- _WORK INSTRUCTION_: Output exactly the line containing "(simp add: Ham_def)" and each line after it through the last line of the records, and nothing else.

** Opening SOURCE DATA block **

(* Let $\xi>0$ and $\alpha\in\mathbb{R}$, and consider the planar vector field $f_0(y,z;\alpha)$ on $\mathbb{R}^2$ given by \[ \dot y = e^{z}-1,\qquad \dot z = \xi + e^{z}\left(\alpha z - \xi y - \xi\right). \] Then $f_0$ has a unique fixed point, namely $(y,z)=(0,0)$, and this fixed point undergoes a degenerate Hopf bifurcation at $\alpha=\xi$. In particular, for $\alpha=\xi$ the vector field is Hamiltonian (up to a positive factor) and can be written as \[ f_0(y,z;\xi)=g(y,z)\,J\,\nabla H(y,z), \] where \[ g(y,z)=\frac{e^{\xi y+z}}{\xi},\qquad H(y,z)=-e^{-\xi y}\left(\xi y-\xi z+\xi+1-\xi e^{-z}\right)+1,\qquad J=\begin{bmatrix}0&1\\-1&0\end{bmatrix}. \]
   Context: This planar system is the reduced (slow) problem, restricted to the critical manifold $C_0=\{z=-x-\xi y\}$, of the dimensionless spring-block earthquake model $\dot x=-e^{z}(x+(1+\alpha)z)$, $\dot y=e^{z}-1$, $\varepsilon\dot z=-e^{-z}(y+(x+z)/\xi)$ with $\varepsilon=0$. *)

theory Defs
  imports "HOL-Analysis.Analysis"
begin

definition f0 :: "real \<Rightarrow> real \<Rightarrow> real \<times> real \<Rightarrow> real \<times> real" where
  "f0 \<xi> \<alpha> p = (case p of (y, z) \<Rightarrow>
      (exp z - 1, \<xi> + exp z * (\<alpha> * z - \<xi> * y - \<xi>)))"

definition gfac :: "real \<Rightarrow> real \<times> real \<Rightarrow> real" where
  "gfac \<xi> p = (case p of (y, z) \<Rightarrow> exp (\<xi> * y + z) / \<xi>)"

definition Ham :: "real \<Rightarrow> real \<times> real \<Rightarrow> real" where
  "Ham \<xi> p = (case p of (y, z) \<Rightarrow>
      - exp (- \<xi> * y) * (\<xi> * y - \<xi> * z + \<xi> + 1 - \<xi> * exp (- z)) + 1)"

definition Jsym :: "real \<times> real \<Rightarrow> real \<times> real" where
  "Jsym v = (case v of (a, b) \<Rightarrow> (b, - a))"

definition jac0 :: "real \<Rightarrow> real \<Rightarrow> real \<times> real \<Rightarrow> real \<times> real" where
  "jac0 \<xi> \<alpha> = frechet_derivative (f0 \<xi> \<alpha>) (at (0, 0))"

text \<open>Complex eigenvalues of a linear map L on R^2 (eigenvalues of its matrix
  [[a11,a12],[a21,a22]] with a11 = fst (L(1,0)), a12 = fst (L(0,1)), etc.,
  considered over the complex numbers).\<close>
definition cx_eigenvalue :: "(real \<times> real \<Rightarrow> real \<times> real) \<Rightarrow> complex \<Rightarrow> bool" where
  "cx_eigenvalue L c \<longleftrightarrow>
     (\<exists>a b :: complex. (a, b) \<noteq> (0, 0) \<and>
        of_real (fst (L (1, 0))) * a + of_real (fst (L (0, 1))) * b = c * a \<and>
        of_real (snd (L (1, 0))) * a + of_real (snd (L (0, 1))) * b = c * b)"

end

theory Submission
  imports Defs
begin

text \<open>The Jacobian of the field at the origin is the companion matrix of
  c^2 - (\<alpha> - \<xi>) c + \<xi>, so for \<alpha> near \<xi> its eigenvalues are the complex pair
  (\<alpha> - \<xi>)/2 +- i sqrt (\<xi> - (\<alpha> - \<xi>)^2/4), whose real part crosses zero with
  speed 1/2. At \<alpha> = \<xi> the field is g J grad H, and
  H(y,z) = exp(-\<xi> y) ((exp(\<xi> y) - 1 - \<xi> y) + \<xi> (exp(-z) - 1 + z)) is a positive
  multiple of a sum of two convexity gaps of exp, which vanishes only at the origin;
  hence the origin is a strict minimum of H and the Hopf point is a nonlinear centre.\<close>

lemma f0_eq_origin_iff:
  assumes "\<xi> \<noteq> 0"
  shows "f0 \<xi> \<alpha> p = (0, 0) \<longleftrightarrow> p = (0, 0)"
proof
  assume "f0 \<xi> \<alpha> p = (0, 0)"
  then obtain y z where p: "p = (y, z)"
    and "exp z = 1" and "\<xi> + exp z * (\<alpha> * z - \<xi> * y - \<xi>) = 0"
    by (cases p) (auto simp: f0_def)
  then show "p = (0, 0)" using assms by simp
qed (simp add: f0_def)

lemma f0_has_derivative_origin:
  "(f0 \<xi> \<alpha> has_derivative (\<lambda>h. (snd h, - \<xi> * fst h + (\<alpha> - \<xi>) * snd h))) (at (0, 0))"
proof -
  have f0_eq: "f0 \<xi> \<alpha> = (\<lambda>p. (exp (snd p) - 1, \<xi> + exp (snd p) * (\<alpha> * snd p - \<xi> * fst p - \<xi>)))"
    by (auto simp: fun_eq_iff f0_def)
  show ?thesis
    unfolding f0_eq by (auto intro!: derivative_eq_intros simp: fun_eq_iff algebra_simps)
qed

lemma jac0_eq: "jac0 \<xi> \<alpha> = (\<lambda>h. (snd h, - \<xi> * fst h + (\<alpha> - \<xi>) * snd h))"
  unfolding jac0_def using frechet_derivative_at[OF f0_has_derivative_origin] by simp

lemma cx_eigenvalue_companion_iff:
  "cx_eigenvalue (\<lambda>h. (snd h, - q * fst h + t * snd h)) c \<longleftrightarrow>
     c * c - of_real t * c + of_real q = 0"
proof
  assume "cx_eigenvalue (\<lambda>h. (snd h, - q * fst h + t * snd h)) c"
  then obtain a b :: complex where "(a, b) \<noteq> (0, 0)" and "b = c * a"
    and "- of_real q * a + of_real t * b = c * b"
    by (auto simp: cx_eigenvalue_def)
  then have "a \<noteq> 0" and "a * (c * c - of_real t * c + of_real q) = 0"
    by (auto simp: algebra_simps)
  then show "c * c - of_real t * c + of_real q = 0" by simp
next
  assume "c * c - of_real t * c + of_real q = 0"
  then show "cx_eigenvalue (\<lambda>h. (snd h, - q * fst h + t * snd h)) c"
    unfolding cx_eigenvalue_def
    by (intro exI[of _ 1] exI[of _ c]) (simp add: algebra_simps eq_neg_iff_add_eq_0)
qed

lemma complex_roots_of_real_quadratic:
  fixes t q :: real
  assumes "t\<^sup>2 < 4 * q"
  shows "{c. c * c - of_real t * c + of_real q = 0} =
    {Complex (t / 2) (sqrt (q - t\<^sup>2 / 4)), Complex (t / 2) (- sqrt (q - t\<^sup>2 / 4))}"
proof -
  define w where "w = sqrt (q - t\<^sup>2 / 4)"
  have "w * w = q - t\<^sup>2 / 4"
    unfolding w_def using assms by (simp flip: real_sqrt_mult)
  then have "c * c - of_real t * c + of_real q = (c - Complex (t / 2) w) * (c - Complex (t / 2) (- w))"
    for c
    by (simp add: complex_eq_iff algebra_simps power2_eq_square)
  then show ?thesis unfolding w_def[symmetric] by auto
qed

lemma jac0_eigenvalues:
  assumes "(\<alpha> - \<xi>)\<^sup>2 < 4 * \<xi>"
  shows "{c. cx_eigenvalue (jac0 \<xi> \<alpha>) c} =
    {Complex ((\<alpha> - \<xi>) / 2) (sqrt (\<xi> - (\<alpha> - \<xi>)\<^sup>2 / 4)),
     Complex ((\<alpha> - \<xi>) / 2) (- sqrt (\<xi> - (\<alpha> - \<xi>)\<^sup>2 / 4))}"
  unfolding jac0_eq cx_eigenvalue_companion_iff
  by (rule complex_roots_of_real_quadratic) fact

lemma Ham_has_gradient:
  "GDERIV (Ham \<xi>) (y, z) :>
     (\<xi> * exp (- \<xi> * y) * (\<xi> * y - \<xi> * z + \<xi> - \<xi> * exp (- z)),
      \<xi> * exp (- \<xi> * y) * (1 - exp (- z)))"
proof -
  have Ham_eq: "Ham \<xi> = (\<lambda>p. - exp (- \<xi> * fst p) * (\<xi> * fst p - \<xi> * snd p + \<xi> + 1 - \<xi> * exp (- snd p)) + 1)"
    by (auto simp: fun_eq_iff Ham_def)
  show ?thesis
    unfolding gderiv_def Ham_eq
    by (auto intro!: derivative_eq_intros simp: fun_eq_iff algebra_simps inner_prod_def)
qed

lemma f0_Hamiltonian:
  assumes "\<xi> \<noteq> 0"
  shows "\<exists>D. GDERIV (Ham \<xi>) p :> D \<and> f0 \<xi> \<xi> p = gfac \<xi> p *\<^sub>R Jsym D"
proof -
  obtain y z where p: "p = (y, z)" by (cases p)
  have exps: "exp (\<xi> * y + z) * exp (- (\<xi> * y)) = exp z" "exp z * exp (- z) = 1"
    by (simp_all flip: exp_add)
  show ?thesis
    unfolding p
    by (intro exI conjI, rule Ham_has_gradient)
      (use exps assms in \<open>simp add: f0_def gfac_def Jsym_def algebra_simps\<close>)
qed

lemma Ham_eq_convexity_gaps:
  "Ham \<xi> (y, z) = exp (- \<xi> * y) * ((exp (\<xi> * y) - 1 - \<xi> * y) + \<xi> * (exp (- z) - 1 + z))"
  by (simp add: Ham_def algebra_simps flip: exp_add)

lemma Ham_pos:
  assumes "\<xi> > 0" and "p \<noteq> (0, 0)"
  shows "Ham \<xi> p > 0"
proof -
  obtain y z where p: "p = (y, z)" by (cases p)
  have gap_y: "exp (\<xi> * y) - 1 - \<xi> * y \<ge> 0" and gap_z: "exp (- z) - 1 + z \<ge> 0"
    using exp_ge_add_one_self[of "\<xi> * y"] exp_minus_ge[of z] by linarith+
  have "exp (\<xi> * y) - 1 - \<xi> * y > 0 \<or> exp (- z) - 1 + z > 0"
    using exp_minus_greater[of "- (\<xi> * y)"] exp_minus_greater[of z] assms p by auto
  then have "(exp (\<xi> * y) - 1 - \<xi> * y) + \<xi> * (exp (- z) - 1 + z) > 0"
    using gap_y gap_z assms(1) by (smt (verit) mult_pos_pos mult_nonneg_nonneg)
  then show ?thesis unfolding p Ham_eq_convexity_gaps by simp
qed

theorem proposition1:
  fixes \<xi> :: real
  assumes "\<xi> > 0"
  shows
    \<comment> \<open>unique fixed point (0,0), for every alpha\<close>
    "(\<forall>\<alpha>. {p. f0 \<xi> \<alpha> p = (0, 0)} = {(0, 0)})
     \<comment> \<open>Hopf bifurcation at alpha = xi: f0 differentiable at the origin,
        a complex pair of eigenvalues mu(alpha) +- i omega(alpha) of the Jacobian,
        crossing the imaginary axis at alpha = xi with nonzero speed\<close>
     \<and> (\<forall>\<alpha>. f0 \<xi> \<alpha> differentiable (at (0, 0)))
     \<and> (\<exists>\<delta> > 0. \<exists>\<mu> \<omega> :: real \<Rightarrow> real. \<exists>d.
          (\<mu> has_real_derivative d) (at \<xi>) \<and> d \<noteq> 0 \<and> \<mu> \<xi> = 0 \<and>
          (\<forall>\<alpha>. \<bar>\<alpha> - \<xi>\<bar> < \<delta> \<longrightarrow> \<omega> \<alpha> > 0 \<and>
             {c. cx_eigenvalue (jac0 \<xi> \<alpha>) c} =
               {Complex (\<mu> \<alpha>) (\<omega> \<alpha>), Complex (\<mu> \<alpha>) (- \<omega> \<alpha>)}))
     \<comment> \<open>degeneracy: at alpha = xi the field is Hamiltonian up to the positive factor g\<close>
     \<and> (\<forall>p. gfac \<xi> p > 0)
     \<and> (\<forall>p. \<exists>D. GDERIV (Ham \<xi>) p :> D \<and> f0 \<xi> \<xi> p = gfac \<xi> p *\<^sub>R Jsym D)
     \<comment> \<open>and the origin is a nonlinear centre: H has a strict local minimum there\<close>
     \<and> (\<exists>\<epsilon> > 0. \<forall>p. p \<noteq> (0, 0) \<and> norm p < \<epsilon> \<longrightarrow> Ham \<xi> p > Ham \<xi> (0, 0))"
proof -
  define \<mu> where "\<mu> \<alpha> = (\<alpha> - \<xi>) / 2" for \<alpha>
  define \<omega> where "\<omega> \<alpha> = sqrt (\<xi> - (\<alpha> - \<xi>)\<^sup>2 / 4)" for \<alpha>
  have hopf: "\<exists>\<delta> > 0. \<exists>\<mu> \<omega> :: real \<Rightarrow> real. \<exists>d.
      (\<mu> has_real_derivative d) (at \<xi>) \<and> d \<noteq> 0 \<and> \<mu> \<xi> = 0 \<and>
      (\<forall>\<alpha>. \<bar>\<alpha> - \<xi>\<bar> < \<delta> \<longrightarrow> \<omega> \<alpha> > 0 \<and>
         {c. cx_eigenvalue (jac0 \<xi> \<alpha>) c} = {Complex (\<mu> \<alpha>) (\<omega> \<alpha>), Complex (\<mu> \<alpha>) (- \<omega> \<alpha>)})"
  proof (intro exI conjI allI impI)
    show "sqrt \<xi> > 0" using assms by simp
    show "(\<mu> has_real_derivative 1 / 2) (at \<xi>)"
      unfolding \<mu>_def[abs_def] by (auto intro!: derivative_eq_intros)
    fix \<alpha> assume "\<bar>\<alpha> - \<xi>\<bar> < sqrt \<xi>"
    then have "(\<alpha> - \<xi>)\<^sup>2 < \<xi>" by (metis real_sqrt_abs real_sqrt_less_iff)
    then show "\<omega> \<alpha> > 0"
      and "{c. cx_eigenvalue (jac0 \<xi> \<alpha>) c} = {Complex (\<mu> \<alpha>) (\<omega> \<alpha>), Complex (\<mu> \<alpha>) (- \<omega> \<alpha>)}"
      using assms by (simp_all add: \<mu>_def \<omega>_def jac0_eigenvalues)
  qed (simp_all add: \<mu>_def)
  have "Ham \<xi> (0, 0) = 0" by (simp add: Ham_def)
  then have centre: "\<exists>\<epsilon> > 0. \<forall>p. p \<noteq> (0, 0) \<and> norm p < \<epsilon> \<longrightarrow> Ham \<xi> p > Ham \<xi> (0, 0)"
    using Ham_pos[OF assms] by (intro exI[of _ 1]) auto
  show ?thesis
  proof (intro conjI allI)
    show "{p. f0 \<xi> \<alpha> p = (0, 0)} = {(0, 0)}" for \<alpha>
      using f0_eq_origin_iff assms by auto
    show "f0 \<xi> \<alpha> differentiable (at (0, 0))" for \<alpha>
      using f0_has_derivative_origin by (auto simp: differentiable_def)
    show "gfac \<xi> p > 0" for p
      using assms by (simp add: gfac_def split: prod.split)
    show "\<exists>D. GDERIV (Ham \<xi>) p :> D \<and> f0 \<xi> \<xi> p = gfac \<xi> p *\<^sub>R Jsym D" for p
      using f0_Hamiltonian assms by simp
  qed (fact hopf centre)+
qed

end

** Closing SOURCE DATA block **

- _ANSWER TO THE PROBLEM_:
  have "Ham \<xi> (0, 0) = 0" by (simp add: Ham_def)
  then have centre: "\<exists>\<epsilon> > 0. \<forall>p. p \<noteq> (0, 0) \<and> norm p < \<epsilon> \<longrightarrow> Ham \<xi> p > Ham \<xi> (0, 0)"
    using Ham_pos[OF assms] by (intro exI[of _ 1]) auto
  show ?thesis
  proof (intro conjI allI)
    show "{p. f0 \<xi> \<alpha> p = (0, 0)} = {(0, 0)}" for \<alpha>
      using f0_eq_origin_iff assms by auto
    show "f0 \<xi> \<alpha> differentiable (at (0, 0))" for \<alpha>
      using f0_has_derivative_origin by (auto simp: differentiable_def)
    show "gfac \<xi> p > 0" for p
      using assms by (simp add: gfac_def split: prod.split)
    show "\<exists>D. GDERIV (Ham \<xi>) p :> D \<and> f0 \<xi> \<xi> p = gfac \<xi> p *\<^sub>R Jsym D" for p
      using f0_Hamiltonian assms by simp
  qed (fact hopf centre)+
qed

end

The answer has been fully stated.